Obviously, in this age of celebrity, people don’t value their privacy as they once did, a reclusive Garbo being the exception to the full-exposure Kardashian rule. Not only are our backyards available for anyone to peek into from above via Google Maps or low flying drones, but on sidewalks and in hallways, parking lots, and supermarkets, our movements are being constantly monitored. Indeed, a restroom may – and I stress the subjunctive – may be the only place in public where we’re not being spied on with surveillance cameras.
I wonder if nowadays Tim and I would have dared to make the trip. If we had, a complicated web of lies would have been necessary, as parent and child would be linked via a cell phone, and I’ve never been good at lying and have always tried to avoid mendacity unless absolutely necessary – this trip to Cocoa an exception. As my unrelenting bad luck would have it, there happened to be a podunk rock festival in Myrtle Beach that weekend.
“How was the rock festival?” my mother asked sarcastically when I got home.
“Rock festival? What are you talking about? There wasn’t any rock festival.”
And there hadn’t been – in Cocoa Beach. She got out the paper and slapped it down on the kitchen table. On the front page screamed an above-the-fold photograph of mass cavorting.
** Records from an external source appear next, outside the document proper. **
(* Over all 3-periodics of $\mathcal{E}$, the centroid $X_2^\dagger$ of the focus-inversive triangle moves on the circle with center and radius \[C_2^\dagger=\left(-c\left(1+\rho^2\frac{2a^2-b^2-\delta}{3a^2b^2}\right),0\right),\qquad R_2^\dagger=\rho^2\,\frac{2a^2-b^2-\delta}{3ab^2}.\]
   Context: Let $a>b>0$ and let $\mathcal{E}$ be the ellipse $x^2/a^2+y^2/b^2=1$. Set $c=\sqrt{a^2-b^2}$, $\delta=\sqrt{a^4-a^2b^2+b^4}$, and let the foci be $f_1=(-c,0)$, $f_2=(c,0)$. A 3-periodic is a triangle $P_1P_2P_3$ with vertices on $\mathcal{E}$ such that at each vertex the normal to $\mathcal{E}$ bisects the angle formed by the two sides meeting at that vertex; these form a one-parameter family (one through every point of $\mathcal{E}$). Fix $\rho>0$; the focus-inversive triangle has vertices $P_i^\dagger=f_1+(\rho/d_{1,i})^2(P_i-f_1)$, $d_{1,i}=|P_i-f_1|$. *)

theory Defs
  imports "HOL-Analysis.Analysis"
begin

definition on_ellipse :: "real \<Rightarrow> real \<Rightarrow> real \<times> real \<Rightarrow> bool" where
  "on_ellipse a b P \<longleftrightarrow> (fst P)^2 / a^2 + (snd P)^2 / b^2 = 1"

definition ellipse_normal :: "real \<Rightarrow> real \<Rightarrow> real \<times> real \<Rightarrow> real \<times> real" where
  "ellipse_normal a b P = (fst P / a^2, snd P / b^2)"

text \<open>At vertex P with neighbours A and B, the normal to the ellipse bisects the angle APB:
  the internal bisector direction (sum of unit vectors along PA and PB) is parallel to the normal.\<close>
definition normal_bisects :: "real \<Rightarrow> real \<Rightarrow> real \<times> real \<Rightarrow> real \<times> real \<Rightarrow> real \<times> real \<Rightarrow> bool" where
  "normal_bisects a b A P B \<longleftrightarrow>
     (let s = (1 / norm (A - P)) *\<^sub>R (A - P) + (1 / norm (B - P)) *\<^sub>R (B - P);
          n = ellipse_normal a b P
      in fst s * snd n - snd s * fst n = 0)"

definition three_periodic :: "real \<Rightarrow> real \<Rightarrow> real \<times> real \<Rightarrow> real \<times> real \<Rightarrow> real \<times> real \<Rightarrow> bool" where
  "three_periodic a b P1 P2 P3 \<longleftrightarrow>
     on_ellipse a b P1 \<and> on_ellipse a b P2 \<and> on_ellipse a b P3 \<and>
     P1 \<noteq> P2 \<and> P2 \<noteq> P3 \<and> P1 \<noteq> P3 \<and>
     normal_bisects a b P3 P1 P2 \<and> normal_bisects a b P1 P2 P3 \<and> normal_bisects a b P2 P3 P1"

definition invert :: "real \<times> real \<Rightarrow> real \<Rightarrow> real \<times> real \<Rightarrow> real \<times> real" where
  "invert f \<rho> P = f + (\<rho> / norm (P - f))^2 *\<^sub>R (P - f)"

end

theory Submission
  imports Defs
begin

(* Work in polar coordinates about the focus f = (-c, 0): a point of the ellipse is f + r u with
   |u| = 1 and r (a - c Re u) = b^2, so the inversion in f sends it to f + rho^2 (a - c Re u) u / b^2.

   Joachimsthal's integral <v, n(P)> (v the unit direction of a side, n the normal at its endpoint P)
   has the same square on all three sides of a 3-periodic. On the ellipse this becomes a relation
   u . u' = K0 + K1 Re (u + u') between the focal directions of the two endpoints of each side, with K0
   and K1 depending only on that common value. For three distinct unit vectors these relations force
   2 K0 + 1 + K1^2 = 0 and u1 + u2 + u3 = K1; the first equation is a quadratic for the Joachimsthal
   value and yields c K1 = (2 a^2 - b^2 - delta) / a. Treating the u_i as complex numbers, so that
   (Re u) u = (u^2 + 1) / 2 and cnj u = 1 / u, the centroid of the inverted triangle becomes a fixed
   point plus c K1 rho^2 / (3 b^2) times the unit number u1 u2 u3. *)

section \<open>Points on the unit circle\<close>

lemma orthogonal_to_same_imp_parallel:
  fixes u v w :: complex
  assumes "u \<noteq> 0" "inner v u = 0" "inner w u = 0"
  shows "Im (cnj v * w) = 0"
proof -
  have "Re u * (Re v * Im w - Im v * Re w) = 0" "Im u * (Re v * Im w - Im v * Re w) = 0"
    using assms(2,3) unfolding inner_complex_def by algebra+
  then show ?thesis using assms(1) by (auto simp: complex_eq_iff)
qed

lemma unit_circle_chord_midpoint:
  fixes v z w :: complex
  assumes "cmod z = 1" "cmod w = 1" "z \<noteq> w" "inner v z = m" "inner v w = m"
  shows "(cmod v)\<^sup>2 *\<^sub>R (z + w) = (2 * m) *\<^sub>R v"
proof -
  have "inner (z + w) (z - w) = (cmod z)\<^sup>2 - (cmod w)\<^sup>2"
    unfolding inner_complex_def cmod_power2 by (simp add: algebra_simps power2_eq_square)
  then have "Im (cnj v * (z + w)) = 0"
    using assms by (intro orthogonal_to_same_imp_parallel[of "z - w"]) (auto simp: inner_diff_right)
  moreover have "Re (cnj v * (z + w)) = 2 * m"
    using assms(4,5) unfolding inner_complex_def by (simp add: distrib_left)
  ultimately have "cnj v * (z + w) = of_real (2 * m)"
    by (simp add: complex_eq_iff)
  then have "v * cnj v * (z + w) = v * of_real (2 * m)"
    by (simp add: mult.assoc)
  then show ?thesis
    by (simp add: complex_norm_square[symmetric] scaleR_conv_of_real mult.commute)
qed

lemma unit_circle_no_three_collinear:
  fixes p q :: complex and t1 t2 t3 :: real
  assumes "cmod (p + t1 *\<^sub>R q) = 1" "cmod (p + t2 *\<^sub>R q) = 1" "cmod (p + t3 *\<^sub>R q) = 1"
    and "t1 \<noteq> t2" "t1 \<noteq> t3" "t2 \<noteq> t3"
  shows "q = 0"
proof -
  have quadratic: "(cmod q)\<^sup>2 * t\<^sup>2 + 2 * inner p q * t + (cmod p)\<^sup>2 - 1 = 0"
    if "cmod (p + t *\<^sub>R q) = 1" for t
  proof -
    have "(cmod (p + t *\<^sub>R q))\<^sup>2 = (cmod q)\<^sup>2 * t\<^sup>2 + 2 * inner p q * t + (cmod p)\<^sup>2"
      unfolding cmod_power2 inner_complex_def by (simp add: algebra_simps power2_eq_square)
    then show ?thesis using that by simp
  qed
  have "(t1 - t2) * ((cmod q)\<^sup>2 * (t1 + t2) + 2 * inner p q) = 0"
    using quadratic[OF assms(1)] quadratic[OF assms(2)] by algebra
  then have "(cmod q)\<^sup>2 * (t1 + t2) + 2 * inner p q = 0" using assms(4) by simp
  moreover have "(t1 - t3) * ((cmod q)\<^sup>2 * (t1 + t3) + 2 * inner p q) = 0"
    using quadratic[OF assms(1)] quadratic[OF assms(3)] by algebra
  then have "(cmod q)\<^sup>2 * (t1 + t3) + 2 * inner p q = 0" using assms(5) by simp
  ultimately have "(cmod q)\<^sup>2 * (t2 - t3) = 0" by algebra
  then show ?thesis using assms(6) by simp
qed

lemma unit_triple_vertex:
  fixes zi zj zk :: complex and K0 K1 :: real
  assumes "cmod zi = 1" "cmod zj = 1" "cmod zk = 1" "zj \<noteq> zk"
    and "inner zi zj = K0 + K1 * Re (zi + zj)" "inner zi zk = K0 + K1 * Re (zi + zk)"
  shows "(cmod (zi - of_real K1))\<^sup>2 *\<^sub>R (zi + zj + zk - of_real K1)
    = (2 * K0 + 1 + K1\<^sup>2) *\<^sub>R (zi - of_real K1)"
proof -
  let ?v = "zi - of_real K1" and ?m = "K0 + K1 * Re zi"
  have "inner ?v zj = ?m" "inner ?v zk = ?m"
    using assms(5,6) by (simp_all add: inner_diff_left inner_complex_def algebra_simps)
  then have midpoint: "(cmod ?v)\<^sup>2 *\<^sub>R (zj + zk) = (2 * ?m) *\<^sub>R ?v"
    using assms(2-4) by (intro unit_circle_chord_midpoint) auto
  have "(Re zi)\<^sup>2 + (Im zi)\<^sup>2 = 1"
    using assms(1) by (simp flip: cmod_power2)
  then have "(cmod ?v)\<^sup>2 + 2 * ?m = 2 * K0 + 1 + K1\<^sup>2"
    unfolding cmod_power2 by (simp add: power2_eq_square algebra_simps)
  moreover have "(cmod ?v)\<^sup>2 *\<^sub>R (zi + zj + zk - of_real K1)
      = (cmod ?v)\<^sup>2 *\<^sub>R ?v + (cmod ?v)\<^sup>2 *\<^sub>R (zj + zk)"
    by (simp add: algebra_simps)
  ultimately show ?thesis
    unfolding midpoint by (simp flip: scaleR_add_left)
qed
Damn, maybe we should have gone to Myrtle Beach instead. I don’t in fact recall much about the trip to Cocoa. I remember the wind whipping our long locks as we drove with the top down through Georgia and Florida on Highway 17S. I remember our hooking up with Adam Jacobs, Robbie Summerset, and the surfing Kowalski brothers from West Ashley. We saw Gimme Shelter at a Cocoa Beach theater. I remember choppy waves breaking at low tide at Sebastian Inlet and envying the surfer asleep with a girl in a van the first night when I froze my ass off trying to lose consciousness in the uncomfortable confines of Tim’s car.
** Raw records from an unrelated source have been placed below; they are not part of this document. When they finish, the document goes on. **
(* Let $A\subseteq\mathbb{N}$ and let $f:\mathbb{N}^3\to\mathbb{N}$ be defined by $f(m,n_1,n_2)=n_1$ if $m\in A$ and $f(m,n_1,n_2)=n_2$ otherwise. Then either $f$ is not strictly definable, or $f\in\mathcal{G}$.
   Context: We work in the simply typed $\lambda$-calculus (type assignment to untyped $\lambda$-terms) with a single base type $o$, with $\beta\eta$-conversion as equality. For a type $\tau$, $\omega_\tau=(\tau\to\tau)\to\tau\to\tau$. The Church numeral of $n$ is $\rho(n)=\lambda f x.f^{n}x$. A function $f:\mathbb{N}^k\to\mathbb{N}$ is strictly definable if there exist a type $\tau$ and a term $E$ with $\vdash E:\omega_\tau\to\cdots\to\omega_\tau\to\omega_\tau$ ($k$ arguments) such that $E\,\rho(n_1)\cdots\rho(n_k)=_{\beta\eta}\rho(f(n_1,\dots,n_k))$ for all $n_1,\dots,n_k$. Extended polynomials: the smallest class of functions over $\mathbb{N}$ containing the constants $0$ and $1$, projections, addition, multiplication and $\mathrm{ifzero}(n,m,p)=(\text{if } n=0 \text{ then } m \text{ else } p)$, closed under composition. $\mathcal{G}$ is the smallest class of functions over $\mathbb{N}$ that is closed under composition and contains: all extended polynomials; for every $l\geq 2$ the function $f_1^{l}(m,n_1,\dots,n_l)=n_i$ where $i=(m\bmod l)+1$; and for every $l\geq 1$ the function $f_2^{l}(m,n_1,n_2)=(\text{if } m\leq l \text{ then } n_1 \text{ else } n_2)$. *)

theory Defs
  imports Main
begin

datatype dB = Var nat | App dB dB | Abs dB

primrec lift :: "dB \<Rightarrow> nat \<Rightarrow> dB" where
  "lift (Var i) k = (if i < k then Var i else Var (Suc i))"
| "lift (App s t) k = App (lift s k) (lift t k)"
| "lift (Abs s) k = Abs (lift s (Suc k))"

primrec subst :: "dB \<Rightarrow> dB \<Rightarrow> nat \<Rightarrow> dB" where
  "subst (Var i) s k = (if k < i then Var (i - 1) else if i = k then s else Var i)"
| "subst (App t u) s k = App (subst t s k) (subst u s k)"
| "subst (Abs t) s k = Abs (subst t (lift s 0) (Suc k))"

inductive red1 :: "dB \<Rightarrow> dB \<Rightarrow> bool" where
  beta: "red1 (App (Abs s) t) (subst s t 0)"
| eta: "red1 (Abs (App (lift s 0) (Var 0))) s"
| appL: "red1 s t \<Longrightarrow> red1 (App s u) (App t u)"
| appR: "red1 s t \<Longrightarrow> red1 (App u s) (App u t)"
| abs: "red1 s t \<Longrightarrow> red1 (Abs s) (Abs t)"

definition beta_eta_conv :: "dB \<Rightarrow> dB \<Rightarrow> bool" where
  "beta_eta_conv = (sup red1 red1\<inverse>\<inverse>)\<^sup>*\<^sup>*"

datatype stype = O | Fun stype stype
In fact, we decided to split the second night, and heroically, Tim drove through the wee hours for a predawn arrival home.
Nevertheless, I’m glad we were free enough to make the trip because it was, if not an adventure, out of the ordinary, something I can write about as opposed to the blurred repetition of the days before and after the trip, those days having tumbled through the hourglass of my life into oblivion.